問題
問26
表はA社の貸借対照表である。A社の自己資本比率は何%か。

- 30
- 54
- 70
- 90
[出典:ITパスポート試験 令和8年度 問26]
正解
正解は「ア」です。
解説
正解は「ア」です。自己資本比率とは、会社の総資産(すべての財産)のうち、返済する必要のない「自己資本(純資産)」が占める割合を示す指標です。計算式は「(自己資本 ÷ 総資産)× 100」で求められます。まず、分母となる「総資産」を計算します。表の左側(資産の部)の合計、または右側(負債の部+純資産の部)の合計から算出でき、本問では 730 + 270 = 1,000(百万円)となります。
次に、分子となる「自己資本」を確認します。表の右下「純資産の部」にある資本金 300(百万円)がこれに当たります。これらを式に当てはめると、(300 ÷ 1,000)× 100 = 30% と導き出せます。

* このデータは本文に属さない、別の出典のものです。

(* Let $\mathscr{X}$ be a finite nonempty set of possible samples, and identify a dataset with its vector of multiplicities $\mathcal{D}\in\mathbb{N}^{|\mathscr{X}|}$, so that $\|\mathcal{D}\|_1$ is its number of samples and $\|\mathcal{D}-\mathcal{D}'\|_1$ is the distance between two datasets. Let $\Lambda\in\mathbb{N}^*$ be a minimum support, let $\beta>0$, and let $\mathcal{D}\in\mathbb{N}^{|\mathscr{X}|}$ with $\|\mathcal{D}\|_1\ge \Lambda$. Define $$g:\mathbb{R}^+\to[0,1],\qquad g(x)=1-\Big(\frac{x}{x+1}\Big)^2-\Big(\frac{1}{x+1}\Big)^2,$$ and $$\xi_{\mathcal{D},\beta}:\mathbb{N}\to\mathbb{R}^+,\qquad \xi_{\mathcal{D},\beta}(k)=e^{-k\beta}\, g\big(\max(\Lambda,\|\mathcal{D}\|_1-k)\big).$$ Let $t=\|\mathcal{D}\|_1-\dfrac{1-\beta-\sqrt{(1-\beta)^2-4\beta}}{2\beta}$ when this expression is well defined (i.e. $(1-\beta)^2-4\beta\ge 0$ and the resulting value is $\ge 0$), and $t=0$ otherwise. Then the smooth sensitivity of the Gini impurity at $\mathcal{D}$ (as defined in the context) satisfies $$S^*_{\mathcal{G},\beta}(\mathcal{D})=\max\Big[\xi_{\mathcal{D},\beta}(0),\ \xi_{\mathcal{D},\beta}(\lfloor t\rfloor),\ \xi_{\mathcal{D},\beta}(\lceil t\rceil),\ \xi_{\mathcal{D},\beta}(\|\mathcal{D}\|_1-\Lambda)\Big].$$
   Context: Setting: binary classification with a rule being evaluated on the dataset $\mathcal{D}$ of samples remaining to be classified. The local sensitivity of the Gini impurity at a dataset $\mathcal{D}'$ is $LS_{\mathcal{G}}(\mathcal{D}')=g(\|\mathcal{D}'\|_1)$ with $g$ as in the claim. Given the minimum support $\Lambda$ (only datasets with at least $\Lambda$ samples are considered), define for $k\in\mathbb{N}$ $$\mathcal{T}_k(\mathcal{D})=\max\{LS_{\mathcal{G}}(\mathcal{D}') : \mathcal{D}'\in\mathbb{N}^{|\mathscr{X}|},\ \|\mathcal{D}'-\mathcal{D}\|_1\le k,\ \|\mathcal{D}'\|_1\ge\Lambda\},$$ and the smooth sensitivity of the Gini impurity as $S^*_{\mathcal{G},\beta}(\mathcal{D})=\max_{k\in\mathbb{N}} e^{-\beta k}\,\mathcal{T}_k(\mathcal{D})$. *)

theory Defs
  imports Complex_Main
begin
theorem exists_fully_labelled: "\<exists>t\<in>T. card (L ` extreme_points t) = 3"
proof -
  obtain u w where u: "u \<in> extreme_points H" and w: "w \<in> extreme_points H"
    and uw: "u \<noteq> w" "closed_segment u w face_of H"
    using H_edge_exists by blast
  have Lu_Lw: "L u \<noteq> L w"
    using vertex_labels_distinct[OF u w uw(1)] .
  obtain g where g: "path g" "pathstart g = w" "pathfinish g = u"
    "path_image g \<subseteq> rel_frontier H - open_segment u w"
    using boundary_path_avoiding_edge[OF uw(2,1)] by blast
  have "\<exists>x\<in>H. label_weight {L w} x \<noteq> 0 \<and> label_weight (- {L u, L w}) x \<noteq> 0 \<and>
              label_weight {L w} x + label_weight (- {L u, L w}) x \<noteq> 1"
  proof (rule exists_three_positive_weights[OF polytope_imp_compact[OF H_polytope]
        polytope_imp_convex[OF H_polytope] continuous_on_label_weight continuous_on_label_weight _ _ _ _ _ _ g(1-3)])
    show "\<And>x. x \<in> H \<Longrightarrow> 0 \<le> label_weight {L w} x \<and> 0 \<le> label_weight (- {L u, L w}) x \<and>
        label_weight {L w} x + label_weight (- {L u, L w}) x \<le> 1"
      using label_weights_sum[OF _ Lu_Lw] label_weight_nonneg by (smt (verit))
    show "u \<in> H" "w \<in> H" "label_weight {L w} u = 0" "label_weight {L w} w = 1"
      using u w Lu_Lw label_weight_vertex extreme_points_subset by auto
    show "\<And>x. x \<in> closed_segment u w \<Longrightarrow> label_weight (- {L u, L w}) x = 0"
      using u w uw by (intro label_weight_on_edge) auto
    show "path_image g \<subseteq> H"
      using g(4) H_rel_frontier_subset by blast
    show "\<And>x. x \<in> path_image g \<Longrightarrow> label_weight (- {L u, L w}) x = 0 \<Longrightarrow>
        label_weight {L w} x = 0 \<or> label_weight {L w} x = 1"
      using label_weight_on_rel_frontier[OF u w uw] g(4) by blast
  qed
  then show ?thesis
    using fully_labelled_of_label_weights[OF _ Lu_Lw] label_weights_sum[OF _ Lu_Lw] by force
qed

end

theorem mainTheorem2:
  fixes H :: "(real^2) set" and c :: nat and T :: "(real^2) set set" and L :: "real^2 \<Rightarrow> nat"
  assumes "c \<ge> 3"
    and "convex_polygon H c"
    and "triangulation_of T H"
    and "sperner_labelling H c T L"
  shows "\<exists>t\<in>T. card (L ` {v. v extreme_point_of t}) = 3"
proof -
  interpret sperner_polygon H c T L
    using assms(2-4) by unfold_locales
  show ?thesis
    using exists_fully_labelled by (simp add: extreme_points_def)
qed

end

日常の例で例えると、1,000円の買い物をするときに、自分の貯金が300円で残りの700円を友達から借りた場合、自分の持ち金の割合は30%ということになります。この比率が高いほど、借金に頼らず自分のお金で健全に運営できていると判断されます。ITパスポート試験では頻出の計算問題ですので、表のどこを見るべきか確実にマスターしておきましょう。
イ(54):
この数値は、問題文に示された貸借対照表の各数値をどのように組み合わせても算出されない誤った数値です。
ウ(70):
これは負債合計(700)を総資産(1,000)で割った「負債比率」を求めた数値であり、自己資本の割合ではありません。
エ(90):
流動資産や固定資産、負債などの数値を混同して計算しても導き出される根拠がない無関係な数値です。
難易度
会計や財務の知識がない初学者にとっては、用語や表の見方に抵抗を感じるかもしれませんが、問われている内容は非常にシンプルな割り算です。「自己資本比率」の公式と、貸借対照表の右下が自己資本(純資産)を指すことさえ知っていれば、1分足らずで解くことができる得点源の問題と言えます。
用語補足
貸借対照表:
ある時点での企業の財政状態(資産・負債・純資産)をまとめた書類です。家計で言えば「現在の貯金額」「持ち家の価値」「住宅ローンの残り」を一覧表にしたようなものです。
自己資本(純資産):
株主から集めたお金や、会社がこれまで稼いだ利益の蓄積など、返す必要のないお金のことです。他人に頼らない「本当の自分名義の資産」を指します。
流動資産:
現金や預金、売掛金など、短期間(通常1年以内)に現金化できる資産のことです。お財布の中の現金や、すぐに引き出せる普通預金のようなイメージです。
固定負債:
社債や長期借入金など、返済期限が1年を超える負債のことです。個人でいうところの「数十年かけて返す住宅ローン」などの長期的な借金に相当します。
対策
この問題を攻略するポイントは、まず「自己資本比率 = 純資産 ÷ 総資産 × 100」という公式を暗記することです。また、貸借対照表は「左側の合計(資産)と右側の合計(負債+純資産)が必ず一致する」というルールを覚えておくと、表の読み取りミスを防げます。試験対策としては、類似の過去問で数値を抜き出す練習を繰り返し行いましょう。